On a strengthening of the Blaschke-Leichtweiss theorem

TL;DR

This paper extends the Blaschke-Leichtweiss theorem to wide r-disk domains on the sphere, providing new proofs and analyzing higher-dimensional analogues called wide r-ball bodies, including their minimal width and volume properties.

Contribution

It generalizes the Blaschke-Leichtweiss theorem to wide r-disk domains and introduces the concept of wide r-ball bodies in higher dimensions with their properties.

Findings

Extended the theorem to wide r-disk domains on ${\f S}^2$.

Determined minimal spherical width and inradius of wide r-ball bodies in ${\bf S}^d$.

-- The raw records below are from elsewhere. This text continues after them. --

(* Let $K\subseteq\mathbb{R}^d$ be compact, let $f:K\to\mathbb{R}$ and $F:K\to\mathbb{R}^d$ be continuous, and let $\gamma:[a,b]\to K$ be a rectifiable path. Suppose that for all but finitely many points $x\in\gamma([a,b])$ one has $\lim_{y\to x,\,y\in K\setminus\{x\}}\frac{f(y)-f(x)-\langle F(x),y-x\rangle}{|y-x|}=0$. Then $\int_\gamma F=f(\gamma(b))-f(\gamma(a))$.
   Context: A path $\gamma:[a,b]\to K$ is a continuous map; its length is $L(\gamma)=\sup\{\sum_{j=1}^n|\gamma(t_j)-\gamma(t_{j-1})|: a=t_0<\dots<t_n=b\}$, and $\gamma$ is rectifiable if $L(\gamma)<\infty$. For continuous $F:K\to\mathbb{R}^d$ and rectifiable $\gamma$, the path integral $\int_\gamma F$ is the limit of the Riemann–Stieltjes sums $\sum_{j=1}^n\langle F(\gamma(\tau_j)),\gamma(t_j)-\gamma(t_{j-1})\rangle$ over partitions $a=t_0<\dots<t_n=b$ with mesh tending to $0$ and $t_{j-1}\le\tau_j\le t_j$. *)

theory Defs
  imports "HOL-Analysis.Analysis"
begin

definition is_partition :: "real \<Rightarrow> real \<Rightarrow> nat \<Rightarrow> (nat \<Rightarrow> real) \<Rightarrow> bool" where
  "is_partition a b n t \<longleftrightarrow> t 0 = a \<and> t n = b \<and> (\<forall>j<n. t j < t (Suc j))"

definition rectifiable_path_on :: "real \<Rightarrow> real \<Rightarrow> (real \<Rightarrow> 'a::real_normed_vector) \<Rightarrow> bool" where
  "rectifiable_path_on a b \<gamma> \<longleftrightarrow>
     bdd_above {(\<Sum>j<n. norm (\<gamma> (t (Suc j)) - \<gamma> (t j))) | n t. is_partition a b n t}"

definition has_path_integral ::
  "('a::real_inner \<Rightarrow> 'a) \<Rightarrow> (real \<Rightarrow> 'a) \<Rightarrow> real \<Rightarrow> real \<Rightarrow> real \<Rightarrow> bool" where
  "has_path_integral F \<gamma> a b I \<longleftrightarrow>
     (\<forall>\<epsilon>>0. \<exists>\<delta>>0. \<forall>n t \<tau>.
        is_partition a b n t \<and> (\<forall>j<n. t (Suc j) - t j < \<delta>) \<and>
        (\<forall>j<n. t j \<le> \<tau> j \<and> \<tau> j \<le> t (Suc j)) \<longrightarrow>
        \<bar>(\<Sum>j<n. F (\<gamma> (\<tau> j)) \<bullet> (\<gamma> (t (Suc j)) - \<gamma> (t j))) - I\<bar> < \<epsilon>)"

end

(*
  On a piece [p, q] tagged at an endpoint where f has gradient F along the path, the
  Riemann-Stieltjes term differs from f (\<gamma> q) - f (\<gamma> p) by at most e |\<gamma> q - \<gamma> p|, so a
  Cousin-type supremum argument covers every interval without exceptional points by a chain of
  such pieces, and rectifiability bounds the accumulated error. An exceptional value x is removed
  by cutting at the first and last times p, q at which \<gamma> hits x: the loop between them tagged
  at p contributes nothing on either side, and the two outer intervals are approached from
  inside using continuity of f \<circ> \<gamma>. Hence every subinterval carries a chain whose sum is
  arbitrarily close to the increment of f \<circ> \<gamma>; refining a fine partition by such chains and
  using uniform continuity of F \<circ> \<gamma> on [a, b] controls its Riemann-Stieltjes sum.
*)
theory Submission
  imports Defs
begin

inductive tagged_chain :: "real \<Rightarrow> real \<Rightarrow> (real \<times> real \<times> real) list \<Rightarrow> bool" where
  Nil: "tagged_chain u u []"
| Cons: "\<lbrakk>u < w; u \<le> \<sigma>; \<sigma> \<le> w; tagged_chain w v xs\<rbrakk> \<Longrightarrow> tagged_chain u v ((u, w, \<sigma>) # xs)"

lemma tagged_chain_le: "tagged_chain u v xs \<Longrightarrow> u \<le> v"
  by (induction rule: tagged_chain.induct) auto

lemma tagged_chain_memD:
  "tagged_chain u v xs \<Longrightarrow> (p, q, \<sigma>) \<in> set xs \<Longrightarrow> u \<le> p \<and> p \<le> \<sigma> \<and> \<sigma> \<le> q \<and> q \<le> v"
  by (induction rule: tagged_chain.induct) (auto dest: tagged_chain_le)

lemma tagged_chain_single: "u < v \<Longrightarrow> u \<le> \<sigma> \<Longrightarrow> \<sigma> \<le> v \<Longrightarrow> tagged_chain u v [(u, v, \<sigma>)]"
  by (auto intro: tagged_chain.intros)

lemma tagged_chain_append:
  "tagged_chain u w xs \<Longrightarrow> tagged_chain w v ys \<Longrightarrow> tagged_chain u v (xs @ ys)"
  by (induction rule: tagged_chain.induct) (auto intro: tagged_chain.intros)

lemma tagged_chain_snoc:
  "tagged_chain u w xs \<Longrightarrow> w < v \<Longrightarrow> w \<le> \<sigma> \<Longrightarrow> \<sigma> \<le> v \<Longrightarrow> tagged_chain u v (xs @ [(w, v, \<sigma>)])"
  by (blast intro: tagged_chain_append tagged_chain_single)

lemma tagged_chain_concat:
  "(\<And>j. j < n \<Longrightarrow> tagged_chain (t j) (t (Suc j)) (Y j)) \<Longrightarrow>
     tagged_chain (t 0) (t n) (concat (map Y [0..<n]))"
  by (induction n) (auto intro: tagged_chain.Nil tagged_chain_append)

lemma tagged_chain_of_partition:
  assumes "is_partition a b n t" and "\<And>j. j < n \<Longrightarrow> t j \<le> \<tau> j \<and> \<tau> j \<le> t (Suc j)"
  shows "tagged_chain a b (map (\<lambda>j. (t j, t (Suc j), \<tau> j)) [0..<n])"
proof -
  have "tagged_chain (t j) (t (Suc j)) [(t j, t (Suc j), \<tau> j)]" if "j < n" for j
    using assms that by (intro tagged_chain_single) (auto simp: is_partition_def)
  then have "tagged_chain (t 0) (t n) (concat (map (\<lambda>j. [(t j, t (Suc j), \<tau> j)]) [0..<n]))"
    by (rule tagged_chain_concat)
  then show ?thesis
    using assms(1) by (simp add: is_partition_def concat_map_singleton)
qed

lemma is_partition_bounds:
  assumes "is_partition a b n t" "j < n"
  shows "a \<le> t j" "t (Suc j) \<le> b"
proof -
  have "tagged_chain a b (map (\<lambda>j. (t j, t (Suc j), t j)) [0..<n])"
    by (rule tagged_chain_of_partition[OF assms(1)])
      (use assms(1) in \<open>auto simp: is_partition_def less_imp_le\<close>)
  moreover have "(t j, t (Suc j), t j) \<in> set (map (\<lambda>j. (t j, t (Suc j), t j)) [0..<n])"
    using assms(2) by auto
  ultimately show "a \<le> t j" "t (Suc j) \<le> b" using tagged_chain_memD by blast+
qed

lemma partition_of_tagged_chain:
  "tagged_chain u v xs \<Longrightarrow> \<exists>t. is_partition u v (length xs) t \<and>
     (\<Sum>j<length xs. g (t j) (t (Suc j))) = (\<Sum>(p, q, \<sigma>)\<leftarrow>xs. g p q)"
proof (induction rule: tagged_chain.induct)
  case (Nil u)
  show ?case by (intro exI[of _ "\<lambda>_. u"]) (simp add: is_partition_def)
next
  case (Cons u w \<sigma> v xs)
  then obtain t where t: "is_partition w v (length xs) t"
    "(\<Sum>j<length xs. g (t j) (t (Suc j))) = (\<Sum>(p, q, \<sigma>)\<leftarrow>xs. g p q)" by blast
  define t' where "t' j = (if j = 0 then u else t (j - 1))" for j
  have "is_partition u v (length ((u, w, \<sigma>) # xs)) t'"
    using t(1) Cons(1) by (auto simp: is_partition_def t'_def less_Suc_eq_0_disj)
  moreover have "(\<Sum>j<length ((u, w, \<sigma>) # xs). g (t' j) (t' (Suc j))) =
      g u w + (\<Sum>j<length xs. g (t j) (t (Suc j)))"
    using t(1) unfolding length_Cons sum.lessThan_Suc_shift by (simp add: t'_def is_partition_def)
  ultimately show ?case using t(2) by auto
qed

Proved that minimal volume wide r-ball bodies have constant width r.

Abstract

The Blaschke-Leichtweiss theorem (Abh. Math. Sem. Univ. Hamburg 75: 257-284, 2005) states that the smallest area convex domain of constant width $w$ in the $2$-dimensional spherical space ${\mathbb S}^2$ is the spherical Reuleaux triangle for all $0<w\leq\frac{\pi}{2}$. In this paper we extend this result to the family of wide $r$-disk domains of ${\mathbb S}^2$, where $0<r\leq\frac{\pi}{2}$. Here a wide $r$-disk domain is an intersection of spherical disks of radius $r$ with centers contained in their intersection. This gives a new and elementary proof of the Blaschke-Leichtweiss theorem. Furthermore, we investigate the higher dimensional analogue of wide $r$-disk domains called wide $r$-ball bodies. In particular, we determine their minimum spherical width (resp., inradius) in the spherical $d$-space ${\mathbb S}^d$ for all $d\geq 2$. Also, it is shown that any minimum volume wide $r$-ball body is of constant width $r$ in ${\mathbb S}^d$, $d\geq 2$.